On Tue, 11 Jul 2006 15:51:58 -0500, "Steve King"
<steveSPAMBLOCK@stevekingSPAMBLOCK.net> wrote:

>I hadn't read that. So, where did the difference lie between mini-DV and
>typical tape-backup hardware do you think? In the tape formulations? In
>the way the ones and zeros are put on the tape? On the tape speed? On the
>way the head scans the tape? Something else?

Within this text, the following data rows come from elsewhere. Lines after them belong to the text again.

theorem proposition2p1:
  fixes src tgt :: "'e \<Rightarrow> 'v" and p :: int and \<alpha> :: "'e \<Rightarrow> int"
  assumes "p \<ge> 1"
    and "modp_cycle src tgt p \<alpha>"
  shows "\<exists>\<beta>. int_cycle src tgt \<beta> \<and> (\<forall>e. \<beta> e mod p = \<alpha> e)
              \<and> mass_int \<beta> \<le> p * int (mass_modp \<alpha>)"
proof -
  define A where "A = supp \<alpha>"
  have "finite A" and range: "\<And>e. 0 \<le> \<alpha> e \<and> \<alpha> e < p"
    and "\<And>v. p dvd bdry src tgt \<alpha> v"
    using assms(2) by (auto simp: A_def modp_cycle_def modp_chain_def dvd_eq_mod_eq_0)
  then have "p dvd chain_bdry src tgt A \<alpha> v" for v
    by (simp add: A_def bdry_eq_chain_bdry)
  moreover have "\<forall>e\<in>A. 0 \<le> \<alpha> e \<and> \<alpha> e \<le> p"
    using range by (simp add: less_imp_le)
  moreover have "p > 0" using assms(1) by simp
  ultimately obtain S where "S \<subseteq> A" and cycle: "\<And>v. chain_bdry src tgt A (lift_chain p \<alpha> S) v = 0"
    using exists_lift_chain_cycle[OF \<open>finite A\<close>] by metis
  have supp: "supp (lift_chain p \<alpha> S) \<subseteq> A"
    using supp_lift_chain \<open>S \<subseteq> A\<close> by (simp add: A_def)
  have "int_cycle src tgt (lift_chain p \<alpha> S)"
    using finite_subset[OF supp \<open>finite A\<close>] cycle
    by (simp add: int_cycle_def bdry_eq_chain_bdry[OF \<open>finite A\<close> supp])
  moreover have "\<forall>e. lift_chain p \<alpha> S e mod p = \<alpha> e"
    using range by (simp add: lift_chain_mod)
  moreover have "mass_int (lift_chain p \<alpha> S) \<le> p * int (mass_modp \<alpha>)"
    unfolding mass_modp_def A_def[symmetric]
    using range by (intro mass_int_le[OF \<open>finite A\<close> supp]) (simp add: abs_lift_chain_le less_imp_le)
  ultimately show ?thesis by (intro exI[of _ "lift_chain p \<alpha> S"] conjI)
qed

end
lemma lowprev_prod_D_factor:
  assumes D1: "coherent_D D1" and D2: "coherent_D D2" and f: "gamble f" and h: "gamble h"
    and g: "meas \<B>1 g"
  shows "lowprev_D (prod_D D1 \<B>1 D2 \<B>2) (\<lambda>(x1, x2). f x1 + g x1 * h x2) UNIV
       = lowprev_D D1 (\<lambda>x1. f x1 + g x1 * prevision D2 h) UNIV"
  unfolding lowprev_D_UNIV
proof (rule antisym; rule Sup_ereal_le_eps; clarsimp)
  fix a \<epsilon> :: real assume "\<epsilon> > 0"
  show "(\<lambda>x1. f x1 + g x1 * prevision D2 h - (a - \<epsilon>)) \<in> D1"
    if "(\<lambda>p. (\<lambda>(x1, x2). f x1 + g x1 * h x2) p - a) \<in> prod_D D1 \<B>1 D2 \<B>2"
    using prod_D_le_marginal[OF D1 D2 f meas_gamble[OF g] h that \<open>\<epsilon> > 0\<close>] .
  show "(\<lambda>p. (\<lambda>(x1, x2). f x1 + g x1 * h x2) p - (a - \<epsilon>)) \<in> prod_D D1 \<B>1 D2 \<B>2"
    if "(\<lambda>x1. f x1 + g x1 * prevision D2 h - a) \<in> D1"
    using prevision_less[OF D2 h] by (rule prod_D_ge_marginal[OF f h g _ that \<open>\<epsilon> > 0\<close>])
qed

theorem theorem21:
  fixes P1 :: "('a \<Rightarrow> real) \<Rightarrow> 'a set \<Rightarrow> ereal" and C1 :: "(('a \<Rightarrow> real) \<times> 'a set) set"
    and P2 :: "('b \<Rightarrow> real) \<Rightarrow> 'b set \<Rightarrow> ereal" and C2 :: "(('b \<Rightarrow> real) \<times> 'b set) set"
    and \<B>1 :: "'a set set" and \<B>2 :: "'b set set"
  assumes "{} \<notin> \<B>1" and "{} \<notin> \<B>2"
    and "coherent_lp P1 C1" and "coherent_lp P2 C2"
  shows "(\<forall>(f::'a \<Rightarrow> real) (g::'a \<Rightarrow> real) (h::'b \<Rightarrow> real).
            gamble f \<and> gamble h \<and> meas \<B>1 g \<longrightarrow>
            prod_lp P1 C1 \<B>1 P2 C2 \<B>2 (\<lambda>(x1, x2). f x1 + g x1 * h x2) UNIV
            = nat_ext P1 C1 (\<lambda>x1. f x1 + g x1 * real_of_ereal (nat_ext P2 C2 h UNIV)) UNIV)
       \<and> (\<forall>(f::'b \<Rightarrow> real) (g::'b \<Rightarrow> real) (h::'a \<Rightarrow> real).
            gamble f \<and> gamble h \<and> meas \<B>2 g \<longrightarrow>
            prod_lp P1 C1 \<B>1 P2 C2 \<B>2 (\<lambda>(x1, x2). f x2 + g x2 * h x1) UNIV
            = nat_ext P2 C2 (\<lambda>x2. f x2 + g x2 * real_of_ereal (nat_ext P1 C1 h UNIV)) UNIV)"
proof -
  have D1: "coherent_D (ext_lp P1 C1)" and D2: "coherent_D (ext_lp P2 C2)"
    using assms(3,4) by (auto intro: ext_lp_coherent)
  note defs = prod_lp_def nat_ext_def prevision_def[symmetric]
  show ?thesis
  proof (intro conjI allI impI; elim conjE)
    fix f g :: "'a \<Rightarrow> real" and h :: "'b \<Rightarrow> real"
    assume "gamble f" "gamble h" "meas \<B>1 g"
    then show "prod_lp P1 C1 \<B>1 P2 C2 \<B>2 (\<lambda>(x1, x2). f x1 + g x1 * h x2) UNIV
        = nat_ext P1 C1 (\<lambda>x1. f x1 + g x1 * real_of_ereal (nat_ext P2 C2 h UNIV)) UNIV"
      unfolding defs by (rule lowprev_prod_D_factor[OF D1 D2])
  next
    fix f g :: "'b \<Rightarrow> real" and h :: "'a \<Rightarrow> real"
    assume "gamble f" "gamble h" "meas \<B>2 g"
    have "(\<lambda>(x1, x2). f x2 + g x2 * h x1) \<circ> prod.swap = (\<lambda>(y1, y2). f y1 + g y1 * h y2)"
      by (simp add: fun_eq_iff)
    then show "prod_lp P1 C1 \<B>1 P2 C2 \<B>2 (\<lambda>(x1, x2). f x2 + g x2 * h x1) UNIV
        = nat_ext P2 C2 (\<lambda>x2. f x2 + g x2 * real_of_ereal (nat_ext P1 C1 h UNIV)) UNIV"
      unfolding defs lowprev_prod_D_swap[of _ \<B>1 _ \<B>2]
      using lowprev_prod_D_factor[OF D2 D1 \<open>gamble f\<close> \<open>gamble h\<close> \<open>meas \<B>2 g\<close>] by simp
  qed
qed

end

The difference is in the error-correction. As has been mentioned in this
thread, DV25 can borrow data from other places to repair data. This repair
is done according to what is optically accepteable (meaning that you don't
see it).
Digital video has been designed to throw away data which we won't see. Oh,
that many colours we can trhow away half of them, and juggle them around on
even and odd lines, nobody notices.
You can't throw away data in computer back-up. Here you are limited to
something like "ok, here follow 221 times the letter A", and then you can
throw away the other 220 letters to save space.
If if you start replacing data in DV25 error-correction, you would need a
huge amount of error-correction data (check-sums and repair-data) to be
able to reconstruct it back to it's original. Because you would have to
notice that a chunck of data has been replaced, and then replace it with
what it originally was. Just too complicated :-)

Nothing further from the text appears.